-- DATA FOR THIS EXERCISE follows --

lemma heat_sg_set_integral_linear_gaussian:
  fixes a x :: "real^'n" and w g :: "real \<Rightarrow> real"
  assumes t: "t > 0" and S[measurable]: "S \<in> sets lborel"
    and [measurable]: "w \<in> borel_measurable lborel" "g \<in> borel_measurable lborel"
    and w: "set_integrable lborel S w"
    and b: "b > 0" and g: "\<And>\<tau>. \<tau> \<in> S \<Longrightarrow> b \<le> g \<tau>"
  defines "N \<equiv> real CARD('n)"
  shows "heat_sg t (\<lambda>y. LINT \<tau>:S|lborel. w \<tau> * ((a \<bullet> y) * exp (- g \<tau> * (norm y)\<^sup>2))) x
    = (LINT \<tau>:S|lborel. w \<tau> * ((1 + 4 * t * g \<tau>) powr (- N / 2 - 1)
        * ((a \<bullet> x) * exp (- (g \<tau> / (1 + 4 * t * g \<tau>)) * (norm x)\<^sup>2))))"
proof -
  have "heat_sg t (\<lambda>y. LINT \<tau>:S|lborel. w \<tau> * ((a \<bullet> y) * exp (- g \<tau> * (norm y)\<^sup>2))) x
    = (LINT \<tau>:S|lborel. heat_sg t (\<lambda>y. w \<tau> * ((a \<bullet> y) * exp (- g \<tau> * (norm y)\<^sup>2))) x)"
  proof (rule heat_sg_set_integral[OF t _ _ set_integrable_abs[OF w]])
    show "integrable lborel (\<lambda>y. norm a * (norm (y - 0) * exp (- b * (norm (y - 0))\<^sup>2)))"
      using b by (intro integrable_mult_right integrable_norm_mult_gaussian)
    show "\<bar>w \<tau> * ((a \<bullet> y) * exp (- g \<tau> * (norm y)\<^sup>2))\<bar>
        \<le> \<bar>w \<tau>\<bar> * (norm a * (norm (y - 0) * exp (- b * (norm (y - 0))\<^sup>2)))" if "\<tau> \<in> S" for \<tau> y
    proof -
      have "exp (- g \<tau> * (norm y)\<^sup>2) \<le> exp (- b * (norm y)\<^sup>2)"
        using g[OF that] by (simp add: mult_right_mono)
      then have "\<bar>a \<bullet> y\<bar> * exp (- g \<tau> * (norm y)\<^sup>2) \<le> norm a * norm y * exp (- b * (norm y)\<^sup>2)"
        using Cauchy_Schwarz_ineq2[of a y] by (intro mult_mono) auto
      then have "\<bar>w \<tau>\<bar> * (\<bar>a \<bullet> y\<bar> * exp (- g \<tau> * (norm y)\<^sup>2))
          \<le> \<bar>w \<tau>\<bar> * (norm a * norm y * exp (- b * (norm y)\<^sup>2))"
        by (rule mult_left_mono) simp
      then show ?thesis by (simp add: abs_mult mult.assoc)
    qed
  qed measurable
  also have "\<dots> = (LINT \<tau>:S|lborel. w \<tau> * ((1 + 4 * t * g \<tau>) powr (- N / 2 - 1)
        * ((a \<bullet> x) * exp (- (g \<tau> / (1 + 4 * t * g \<tau>)) * (norm x)\<^sup>2))))"
  proof (rule set_lebesgue_integral_cong[OF S], intro allI impI)
    fix \<tau> assume "\<tau> \<in> S"
    then have "0 < g \<tau>" using b g by (meson less_le_trans)
    then show "heat_sg t (\<lambda>y. w \<tau> * ((a \<bullet> y) * exp (- g \<tau> * (norm y)\<^sup>2))) x
      = w \<tau> * ((1 + 4 * t * g \<tau>) powr (- N / 2 - 1) * ((a \<bullet> x) * exp (- (g \<tau> / (1 + 4 * t * g \<tau>)) * (norm x)\<^sup>2)))"
      by (simp only: heat_sg_cmult heat_sg_linear_gaussian[OF t] N_def)
  qed
  finally show ?thesis .
qed
(* Let $\mathcal M$ be a Polish metric structure and $\mathcal N$ a good countable approximating substructure of $\mathcal M$. Then for every $n$ and every co-meagre $A\subseteq\mathrm{Aut}(\mathcal N)^n$, the $\partial$-closure $\overline{A}^\partial$ computed in $\mathrm{Aut}(\mathcal M)^n$ is co-meagre in $\mathrm{Aut}(\mathcal M)^n$. In particular, if $\mathrm{Aut}(\mathcal N)$ has ample generics then the topometric group $(\mathrm{Aut}(\mathcal M),\tau,\partial)$ has ample generics.
   Context: A metric structure $\mathcal M$ is a complete bounded metric space $(M,d)$ with a family of uniformly continuous bounded predicates $P_i\colon M^{k_i}\to\mathbb R$ (including $d$) and uniformly continuous functions $f_j\colon M^{\ell_j}\to M$; it is Polish if $M$ is separable. $\mathrm{Aut}(\mathcal M)$ is the group of bijections preserving all predicates and functions, with $\tau$ the topology of pointwise convergence and $\partial(g,h)=\sup_{x\in M}d(gx,hx)$ the metric of uniform convergence; on $\mathrm{Aut}(\mathcal M)^n$ use the product topology and supremum metric. For $B$ in a metric space, $(B)_\varepsilon=\{y\colon\partial(y,B)<\varepsilon\}$. A countable (classical) structure $\mathcal N$ is a countable approximating substructure of $\mathcal M$ if its universe $N$ is a countable dense subset of $(M,d)$, every automorphism of $\mathcal N$ extends (uniquely) to an automorphism of $\mathcal M$, and $\mathrm{Aut}(\mathcal N)$ is dense in $\mathrm{Aut}(\mathcal M)$; $\mathrm{Aut}(\mathcal N)$ carries the topology of pointwise convergence on the discrete set $N$. It is good if moreover for every open $U\subseteq\mathrm{Aut}(\mathcal N)$ (in the topology of $\mathrm{Aut}(\mathcal N)$) and $\varepsilon>0$, the set $(U)_\varepsilon$ computed in $(\mathrm{Aut}(\mathcal M),\partial)$ is $\tau$-open. A Polish group $K$ has ample generics if for every $n$ there is $\bar g\in K^n$ whose diagonal conjugacy class $\{(kg_0k^{-1},\dots,kg_{n-1}k^{-1})\colon k\in K\}$ is co-meagre in $K^n$. A topometric group $(G,\tau,\partial)$ has ample generics if for every $n$ and $\varepsilon>0$ there is $\bar g\in G^n$ whose diagonal conjugacy class $C$ satisfies that $(C)_\varepsilon$ is co-meagre in $(G^n,\tau)$. *)

theory Defs
  imports "HOL-Analysis.Analysis"
begin

definition nowhere_dense_in :: "'a topology \<Rightarrow> 'a set \<Rightarrow> bool" where
  "nowhere_dense_in X S \<longleftrightarrow> S \<subseteq> topspace X \<and> X interior_of (X closure_of S) = {}"

definition meagre_in :: "'a topology \<Rightarrow> 'a set \<Rightarrow> bool" where
  "meagre_in X S \<longleftrightarrow>
     (\<exists>\<F>. countable \<F> \<and> (\<forall>T\<in>\<F>. nowhere_dense_in X T) \<and> S \<subseteq> \<Union>\<F>)"

definition comeagre_in :: "'a topology \<Rightarrow> 'a set \<Rightarrow> bool" where
  "comeagre_in X S \<longleftrightarrow> S \<subseteq> topspace X \<and> meagre_in X (topspace X - S)"
lemma greedy_equilibrium_W2plus_minimal:
  assumes M: "one_two_metric P d" and \<alpha>: "0 < \<alpha>" and GE: "greedy_equilibrium P d Z \<alpha> s"
    and Z: "3/2 \<le> Z" "1 + \<alpha> < Z" and u: "u \<in> P"
  shows "\<not> (\<exists>N'. N' \<subseteq> P - {u} \<and>
      ((\<exists>w\<in>s u. N' = s u - {w}) \<or> (\<exists>w\<in>s u. \<exists>w'\<in>P - {u} - s u. N' = insert w' (s u - {w}))) \<and>
      {v\<in>P. d u v = 1 \<and> v \<noteq> u} \<subseteq> N' \<and> dominating_minus P d u N' \<and>
      card ({v\<in>N'. d u v = 2} \<inter> W11 P d s u) < card (W2plus P d s u))"
proof
  assume "\<exists>N'. N' \<subseteq> P - {u} \<and>
      ((\<exists>w\<in>s u. N' = s u - {w}) \<or> (\<exists>w\<in>s u. \<exists>w'\<in>P - {u} - s u. N' = insert w' (s u - {w}))) \<and>
      {v\<in>P. d u v = 1 \<and> v \<noteq> u} \<subseteq> N' \<and> dominating_minus P d u N' \<and>
      card ({v\<in>N'. d u v = 2} \<inter> W11 P d s u) < card (W2plus P d s u)"
  then obtain N' where
    move: "(\<exists>w\<in>s u. N' = s u - {w}) \<or> (\<exists>w\<in>s u. \<exists>w'\<in>P - {u} - s u. N' = insert w' (s u - {w}))"
    and N': "{v\<in>P. d u v = 1 \<and> v \<noteq> u} \<subseteq> N'" "dominating_minus P d u N'"
      "card ({v\<in>N'. d u v = 2} \<inter> W11 P d s u) < card (W2plus P d s u)"
    by blast
  have "\<forall>v\<in>P. \<forall>w\<in>P. d v w = 1 \<longrightarrow> w \<in> s v"
    using greedy_equilibrium_one_arcs[OF M GE Z] by blast
  from DSG_violation_improves_cost[OF M u \<alpha> this greedy_equilibrium_dominating[OF M GE Z u] move N']
  have "cost P d Z \<alpha> (s(u := N')) u < cost P d Z \<alpha> s u" .
  moreover have "single_change P u (s u) N'" unfolding single_change_def using move by blast
  ultimately show False using greedy_equilibriumD(2)[OF GE u] by fastforce
qed
(* Let $\Gamma\neq\mathbb N$ be a telescopic numerical semigroup. Then $(\mathrm e(\Gamma)-2)\,2^{\mathrm e(\Gamma)}+2\le \mathrm c(\Gamma)$.
   Context: A numerical semigroup is a submonoid of $(\mathbb N,+)$ with finite complement in $\mathbb N$; it has a unique minimal generating system, whose cardinality is the embedding dimension $\mathrm e(\Gamma)$. $\mathrm F(\Gamma)$ is the largest integer not in $\Gamma$, and $\mathrm c(\Gamma)=\mathrm F(\Gamma)+1$. $\langle X\rangle$ is the submonoid generated by $X$. For an arrangement $(r_0,\ldots,r_h)$ of the minimal generators, set $d_k=\gcd(r_0,\ldots,r_{k-1})$. A set $A$ of positive integers with nontrivial partition $A=A_1\cup A_2$ is the gluing of $A_1$ and $A_2$ if $\mathrm{lcm}(\gcd A_1,\gcd A_2)\in\langle A_1\rangle\cap\langle A_2\rangle$. $\Gamma$ is free for $(r_0,\ldots,r_h)$ if $h=0$, or $h\ge1$, $\{r_0,\ldots,r_h\}$ is the gluing of $\{r_0,\ldots,r_{h-1}\}$ and $\{r_h\}$, and $\langle r_0/d_h,\ldots,r_{h-1}/d_h\rangle$ is free for $(r_0/d_h,\ldots,r_{h-1}/d_h)$. $\Gamma$ is telescopic if it is free for the arrangement of its minimal generators in increasing order. *)

theory Defs
  imports Main
begin
lemma laplacian_circ_adj:
  assumes "coprime d N" "N \<ge> 3" "x < N"
  shows "laplacian N (circ_adj N d) phi x
    = (real N - 2) * phi x - (\<Sum>y<N. phi y) + phi (circ_shift N (int d) x) + phi (circ_shift N (- int d) x)"
proof -
  let ?B = "{x, circ_shift N (int d) x, circ_shift N (- int d) x}"
  have nbrs: "{y. y < N \<and> circ_adj N d x y} = {..<N} - ?B"
    using circ_adj_iff[OF assms(3)] by auto
  have "?B \<subseteq> {..<N}"
    using assms circ_shift_less[of N] by auto
  then have "laplacian N (circ_adj N d) phi x = (\<Sum>y<N. phi x - phi y) - (\<Sum>y\<in>?B. phi x - phi y)"
    unfolding laplacian_def nbrs by (rule sum_diff[OF finite_lessThan])
  also have "(\<Sum>y\<in>?B. phi x - phi y)
      = 2 * phi x - phi (circ_shift N (int d) x) - phi (circ_shift N (- int d) x)"
    using circ_shift_distinct[OF assms] by simp
  finally show ?thesis
    by (simp add: sum_subtractf algebra_simps)
qed

section \<open>The periodic Green function\<close>

lemma char_root_power_sum_rec:
  fixes \<sigma> a :: real
  assumes root: "\<sigma>\<^sup>2 + a * \<sigma> + 1 = 0" and "0 < k" "k < N"
  shows "a * (\<sigma> ^ k + \<sigma> ^ (N - k)) + (\<sigma> ^ (k + 1) + \<sigma> ^ (N - (k + 1)))
    + (\<sigma> ^ (k - 1) + \<sigma> ^ (N - (k - 1))) = 0"
proof -
  obtain j where j: "k = Suc j"
    using assms(2) not0_implies_Suc by blast
  obtain i where i: "N - k = Suc i"
    using assms(3) by (metis Suc_diff_Suc)
  have exps: "N - Suc j = Suc i" "N - Suc (Suc j) = i" "N - j = Suc (Suc i)"
    using i j by auto
  have "a * (\<sigma> ^ k + \<sigma> ^ (N - k)) + (\<sigma> ^ (k + 1) + \<sigma> ^ (N - (k + 1)))
      + (\<sigma> ^ (k - 1) + \<sigma> ^ (N - (k - 1))) = (\<sigma> ^ j + \<sigma> ^ i) * (\<sigma>\<^sup>2 + a * \<sigma> + 1)"
    unfolding j by (simp add: exps algebra_simps power2_eq_square)
  then show ?thesis
    using root by simp
qed
(* Let $A\in\mathbb{C}^{m\times n}$ have rank $r$ and $B\in\mathbb{C}^{m\times n}$ have rank $s$, with singular value decompositions $$A=U\begin{pmatrix}\Sigma_{1}&0\\0&0\end{pmatrix}V^{\ast}=U_{1}\Sigma_{1}V_{1}^{\ast},\qquad B=\widetilde{U}\begin{pmatrix}\widetilde{\Sigma}_{1}&0\\0&0\end{pmatrix}\widetilde{V}^{\ast}=\widetilde{U}_{1}\widetilde{\Sigma}_{1}\widetilde{V}_{1}^{\ast},$$ where $U=(U_{1},U_{2})$ and $\widetilde{U}=(\widetilde{U}_{1},\widetilde{U}_{2})$ are $m\times m$ unitary, $V=(V_{1},V_{2})$ and $\widetilde{V}=(\widetilde{V}_{1},\widetilde{V}_{2})$ are $n\times n$ unitary, $U_{1}\in\mathbb{C}^{m\times r}$, $V_{1}\in\mathbb{C}^{n\times r}$, $\widetilde{U}_{1}\in\mathbb{C}^{m\times s}$, $\widetilde{V}_{1}\in\mathbb{C}^{n\times s}$, $\Sigma_{1}=\operatorname{diag}(\sigma_{1},\ldots,\sigma_{r})$ with $\sigma_{1}\geq\cdots\geq\sigma_{r}>0$, and $\widetilde{\Sigma}_{1}=\operatorname{diag}(\widetilde{\sigma}_{1},\ldots,\widetilde{\sigma}_{s})$ with $\widetilde{\sigma}_{1}\geq\cdots\geq\widetilde{\sigma}_{s}>0$. Let $E=B-A$. Then $$\|B^{\dagger}-A^{\dagger}\|_{F}^{2}=\|\widetilde{\Sigma}_{1}^{-1}\widetilde{U}_{1}^{\ast}U_{2}\|_{F}^{2}+\|\widetilde{V}_{2}^{\ast}V_{1}\Sigma_{1}^{-1}\|_{F}^{2}+\|B^{\dagger}EA^{\dagger}\|_{F}^{2},$$ $$\|B^{\dagger}-A^{\dagger}\|_{F}^{2}=\|\widetilde{U}_{2}^{\ast}U_{1}\Sigma_{1}^{-1}\|_{F}^{2}+\|\widetilde{\Sigma}_{1}^{-1}\widetilde{V}_{1}^{\ast}V_{2}\|_{F}^{2}+\|A^{\dagger}EB^{\dagger}\|_{F}^{2}.$$
   Context: $M^{\dagger}$ denotes the Moore–Penrose inverse of $M$, $M^{\ast}$ the conjugate transpose, and $\|\cdot\|_{F}$ the Frobenius norm. *)

theory Defs
  imports "Jordan_Normal_Form.Schur_Decomposition" "Jordan_Normal_Form.DL_Rank"
begin

definition unitary_mat :: "complex mat \<Rightarrow> bool" where
  "unitary_mat U \<longleftrightarrow> U \<in> carrier_mat (dim_row U) (dim_row U) \<and>
     mat_adjoint U * U = 1\<^sub>m (dim_row U) \<and> U * mat_adjoint U = 1\<^sub>m (dim_row U)"

definition col_block :: "'a mat \<Rightarrow> nat \<Rightarrow> nat \<Rightarrow> 'a mat" where
  "col_block M k l = mat (dim_row M) l (\<lambda>(i,j). M $$ (i, k + j))"

definition mp_inverse :: "complex mat \<Rightarrow> complex mat" where
  "mp_inverse A = (THE X. X \<in> carrier_mat (dim_col A) (dim_row A) \<and>
      A * X * A = A \<and> X * A * X = X \<and>
      mat_adjoint (A * X) = A * X \<and> mat_adjoint (X * A) = X * A)"

definition mat_inv :: "complex mat \<Rightarrow> complex mat" where
  "mat_inv M = (THE X. X \<in> carrier_mat (dim_row M) (dim_row M) \<and>
      M * X = 1\<^sub>m (dim_row M) \<and> X * M = 1\<^sub>m (dim_row M))"

definition frob_norm :: "complex mat \<Rightarrow> real" where
  "frob_norm M = sqrt (\<Sum>i<dim_row M. \<Sum>j<dim_col M. (cmod (M $$ (i,j)))\<^sup>2)"

end

theory Submission
  imports Defs
begin

text \<open>Write X and Y for the Moore-Penrose inverses of A and B. For arbitrary matrices one has
  Y - X = Y (I - A X) - (I - Y B) X - Y (B - A) X.
By the Penrose equations, I - A X and I - Y B are Hermitian and satisfy X (I - A X) = 0 and
(I - Y B) Y = 0; hence the three terms are pairwise orthogonal for the Frobenius inner product
and Pythagoras gives the squared norm as a sum of three squares. For compact SVDs,
I - A X = U2 U2* and I - Y B = Vt2 Vt2*, and unitary invariance of the Frobenius norm turns
the first two squares into the stated ones. Exchanging A and B gives the second identity.\<close>

section \<open>Matrix products and the conjugate transpose\<close>

lemma mult_mat_assoc:
  "dim_col A = dim_row B \<Longrightarrow> dim_col B = dim_row C \<Longrightarrow>
   A * B * C = A * (B * (C :: 'a :: semiring_0 mat))"
  by (metis assoc_mult_mat carrier_mat_triv)

lemma mult_mat_left_inverse_cancel:
  assumes AB: "A * B = 1\<^sub>m k" and "dim_col A = dim_row B" and Z: "dim_row Z = k"
  shows "A * (B * Z) = (Z :: 'a :: semiring_1 mat)"
proof -
  have "dim_col B = k"
    using arg_cong[OF AB, of dim_col] by simp
  then have "A * (B * Z) = (A * B) * Z"
    using assms by (intro mult_mat_assoc[symmetric]) simp_all
  also have "\<dots> = Z"
    using AB Z by simp
  finally show ?thesis .
qed

lemma index_mult_mat_sum:
  "A \<in> carrier_mat a k \<Longrightarrow> B \<in> carrier_mat k b \<Longrightarrow> i < a \<Longrightarrow> j < b \<Longrightarrow>
   (A * B) $$ (i, j) = (\<Sum>l<k. A $$ (i, l) * B $$ (l, j))"
  unfolding carrier_mat_def by (auto simp: scalar_prod_def atLeast0LessThan intro!: sum.cong)

lemma sum_lessThan_add:
  "(\<Sum>p<(r :: nat) + d. f p) = (\<Sum>p<r. f p) + (\<Sum>p<d. f (r + p) :: 'a :: comm_monoid_add)"
  by (induct d) (simp_all add: add.assoc)

lemma dim_row_mat_adjoint[simp]: "dim_row (mat_adjoint M) = dim_col M"
  by (simp add: mat_adjoint_def)

lemma dim_col_mat_adjoint[simp]: "dim_col (mat_adjoint M) = dim_row M"
  by (simp add: mat_adjoint_def)

lemma mat_adjoint_carrier_iff[simp]: "mat_adjoint M \<in> carrier_mat a b \<longleftrightarrow> M \<in> carrier_mat b a"
  unfolding carrier_mat_def by auto

lemma index_mat_adjoint[simp]:
  "i < dim_col M \<Longrightarrow> j < dim_row M \<Longrightarrow> mat_adjoint M $$ (i, j) = cnj (M $$ (j, i))"
  by (simp add: mat_adjoint_def mat_of_rows_index)

lemma mat_adjoint_adjoint[simp]: "mat_adjoint (mat_adjoint M) = (M :: complex mat)"
  by (rule eq_matI) auto

lemma mat_adjoint_mult:
  assumes A: "A \<in> carrier_mat a k" and B: "B \<in> carrier_mat k b"
  shows "mat_adjoint (A * B) = mat_adjoint B * mat_adjoint (A :: complex mat)"
proof (rule eq_matI)
  fix i j
  assume "i < dim_row (mat_adjoint B * mat_adjoint A)" "j < dim_col (mat_adjoint B * mat_adjoint A)"
  then have i: "i < b" and j: "j < a" using A B by auto
  have "mat_adjoint (A * B) $$ (i, j) = cnj ((A * B) $$ (j, i))"
    using A B i j by simp
  also have "\<dots> = (\<Sum>l<k. cnj (A $$ (j, l)) * cnj (B $$ (l, i)))"
    by (simp add: index_mult_mat_sum[OF A B j i] del: index_mult_mat(1))
  also have "\<dots> = (\<Sum>l<k. mat_adjoint B $$ (i, l) * mat_adjoint A $$ (l, j))"
    using A B i j by (intro sum.cong) (auto simp: mult.commute)
  also have "\<dots> = (mat_adjoint B * mat_adjoint A) $$ (i, j)"
    by (rule index_mult_mat_sum[symmetric]) (use A B i j in auto)
  finally show "mat_adjoint (A * B) $$ (i, j) = (mat_adjoint B * mat_adjoint A) $$ (i, j)" .
qed (use A B in auto)

lemma mat_adjoint_minus:
  "A \<in> carrier_mat a b \<Longrightarrow> B \<in> carrier_mat a b \<Longrightarrow>
   mat_adjoint (A - B) = mat_adjoint A - mat_adjoint (B :: complex mat)"
  by (rule eq_matI) auto

lemma mat_adjoint_one[simp]: "mat_adjoint (1\<^sub>m n :: complex mat) = 1\<^sub>m n"
  by (rule eq_matI) auto

lemma mat_adjoint_mat_diag_of_real[simp]:
  "mat_adjoint (mat_diag n (\<lambda>i. complex_of_real (d i))) = mat_diag n (\<lambda>i. complex_of_real (d i))"
  by (rule eq_matI) (auto simp: mat_diag_def)

section \<open>The Frobenius inner product\<close>

definition frob_inner :: "complex mat \<Rightarrow> complex mat \<Rightarrow> complex" where
  "frob_inner Y Z = (\<Sum>i<dim_row Y. \<Sum>j<dim_col Y. Y $$ (i, j) * cnj (Z $$ (i, j)))"

lemma frob_norm_sq: "(frob_norm M)\<^sup>2 = Re (frob_inner M M)"
proof -
  have "0 \<le> (\<Sum>i<dim_row M. \<Sum>j<dim_col M. (cmod (M $$ (i, j)))\<^sup>2)"
    by (intro sum_nonneg) simp
  then have "(frob_norm M)\<^sup>2 = (\<Sum>i<dim_row M. \<Sum>j<dim_col M. (cmod (M $$ (i, j)))\<^sup>2)"
    unfolding frob_norm_def by simp
  also have "\<dots> = Re (frob_inner M M)"
    unfolding frob_inner_def Re_sum
    by (intro sum.cong refl) (simp add: complex_mult_cnj cmod_def power2_eq_square)
  finally show ?thesis .
qed

lemma frob_inner_commute:
  "dim_row Z = dim_row Y \<Longrightarrow> dim_col Z = dim_col Y \<Longrightarrow> frob_inner Z Y = cnj (frob_inner Y Z)"
  unfolding frob_inner_def by (simp add: mult.commute)

lemma frob_inner_zero_left[simp]: "frob_inner (0\<^sub>m a b) Z = 0"
  unfolding frob_inner_def by simp

lemma frob_inner_minus_left:
  "Y \<in> carrier_mat a b \<Longrightarrow> Z \<in> carrier_mat a b \<Longrightarrow>
   frob_inner (Y - Z) W = frob_inner Y W - frob_inner Z W"
  unfolding frob_inner_def by (simp add: sum_subtractf[symmetric] left_diff_distrib)

lemma frob_inner_minus_right:
  "W \<in> carrier_mat a b \<Longrightarrow> Y \<in> carrier_mat a b \<Longrightarrow> Z \<in> carrier_mat a b \<Longrightarrow>
   frob_inner W (Y - Z) = frob_inner W Y - frob_inner W Z"
  unfolding frob_inner_def by (simp add: sum_subtractf[symmetric] right_diff_distrib)

lemma frob_inner_mult_left:
  assumes P: "P \<in> carrier_mat k a" and Z: "Z \<in> carrier_mat a b" and Y: "Y \<in> carrier_mat k b"
  shows "frob_inner Y (P * Z) = frob_inner (mat_adjoint P * Y) Z"
proof -
  have "frob_inner Y (P * Z)
      = (\<Sum>i<k. \<Sum>j<b. \<Sum>l<a. Y $$ (i, j) * cnj (P $$ (i, l)) * cnj (Z $$ (l, j)))"
    unfolding frob_inner_def using Y
    by (intro sum.cong refl)
      (auto simp: index_mult_mat_sum[OF P Z] sum_distrib_left mult.assoc simp del: index_mult_mat(1))
  also have "\<dots> = (\<Sum>i<k. \<Sum>l<a. \<Sum>j<b. Y $$ (i, j) * cnj (P $$ (i, l)) * cnj (Z $$ (l, j)))"
    by (intro sum.cong refl sum.swap)
  also have "\<dots> = (\<Sum>l<a. \<Sum>i<k. \<Sum>j<b. Y $$ (i, j) * cnj (P $$ (i, l)) * cnj (Z $$ (l, j)))"
    by (rule sum.swap)
  also have "\<dots> = (\<Sum>l<a. \<Sum>j<b. \<Sum>i<k. Y $$ (i, j) * cnj (P $$ (i, l)) * cnj (Z $$ (l, j)))"
    by (intro sum.cong refl sum.swap)
  also have "\<dots> = frob_inner (mat_adjoint P * Y) Z"
    unfolding frob_inner_def using P Y
    by (intro sum.cong refl)
      (auto simp: index_mult_mat_sum[of "mat_adjoint P" a k Y b] sum_distrib_left mult_ac
        simp del: index_mult_mat(1))
  finally show ?thesis .
qed

lemma frob_inner_mult_right:
  assumes Y: "Y \<in> carrier_mat a k" and Q: "Q \<in> carrier_mat k b" and Z: "Z \<in> carrier_mat a b"
  shows "frob_inner (Y * Q) Z = frob_inner Y (Z * mat_adjoint Q)"
proof -
  have "frob_inner (Y * Q) Z = (\<Sum>i<a. \<Sum>j<b. \<Sum>l<k. Y $$ (i, l) * Q $$ (l, j) * cnj (Z $$ (i, j)))"
    unfolding frob_inner_def using Y Q
    by (intro sum.cong refl)
      (auto simp: index_mult_mat_sum[OF Y Q] sum_distrib_right simp del: index_mult_mat(1))
  also have "\<dots> = (\<Sum>i<a. \<Sum>l<k. \<Sum>j<b. Y $$ (i, l) * Q $$ (l, j) * cnj (Z $$ (i, j)))"
    by (intro sum.cong refl sum.swap)
  also have "\<dots> = frob_inner Y (Z * mat_adjoint Q)"
    unfolding frob_inner_def using Y Q Z
    by (intro sum.cong refl)
      (auto simp: index_mult_mat_sum[of Z a b "mat_adjoint Q" k] sum_distrib_left mult_ac
        simp del: index_mult_mat(1))
  finally show ?thesis .
qed
definition two_sum_E :: "'b set set \<Rightarrow> 'b \<Rightarrow> 'b \<Rightarrow> 'b \<Rightarrow> 'c set set \<Rightarrow> 'c \<Rightarrow> 'c \<Rightarrow> 'c \<Rightarrow> ('b + 'c) set set" where
  "two_sum_E E1 z1 x1 y1 E2 z2 x2 y2 =
     (image Inl) ` prime_edges E1 z1 x1 y1 \<union>
     (image (glue2 x2 y2 x1 y1)) ` prime_edges E2 z2 x2 y2 \<union>
     (if {x1, y1} \<in> E1 \<or> {x2, y2} \<in> E2 then {{Inl x1, Inl y1}} else {})"

text \<open>Summands are taken as graphs on nat (every finite graph is isomorphic to one).\<close>
definition admissible_2cut :: "'a set \<Rightarrow> 'a set set \<Rightarrow> 'a \<Rightarrow> 'a \<Rightarrow> bool" where
  "admissible_2cut V E x y \<longleftrightarrow> two_connected V E \<and>
     (\<exists>(V1 :: nat set) E1 z1 x1 y1 (V2 :: nat set) E2 z2 x2 y2 f.
        graph V1 E1 \<and> graph V2 E2 \<and>
        sum_vertex V1 E1 z1 x1 y1 \<and> sum_vertex V2 E2 z2 x2 y2 \<and>
        card E1 < card E \<and> card E2 < card E \<and>
        graph_iso (two_sum_V V1 z1 x1 y1 V2 z2 x2 y2) (two_sum_E E1 z1 x1 y1 E2 z2 x2 y2) V E f \<and>
        f ` {Inl x1, Inl y1} = {x, y})"

end

theory Submission
  imports Defs
begin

-- DATA FOR THIS EXERCISE concluded --

* _WHAT THE TASK REQUIRES_
Return each line of the data where the word "rule" appears.

* _WRITTEN ANSWER_
  proof (rule heat_sg_set_integral[OF t _ _ set_integrable_abs[OF w]])
        by (rule mult_left_mono) simp
  proof (rule set_lebesgue_integral_cong[OF S], intro allI impI)
    unfolding laplacian_def nbrs by (rule sum_diff[OF finite_lessThan])
  by (rule eq_matI) auto
proof (rule eq_matI)
    by (rule index_mult_mat_sum[symmetric]) (use A B i j in auto)
  by (rule eq_matI) auto
  by (rule eq_matI) auto
  by (rule eq_matI) (auto simp: mat_diag_def)
    by (rule sum.swap)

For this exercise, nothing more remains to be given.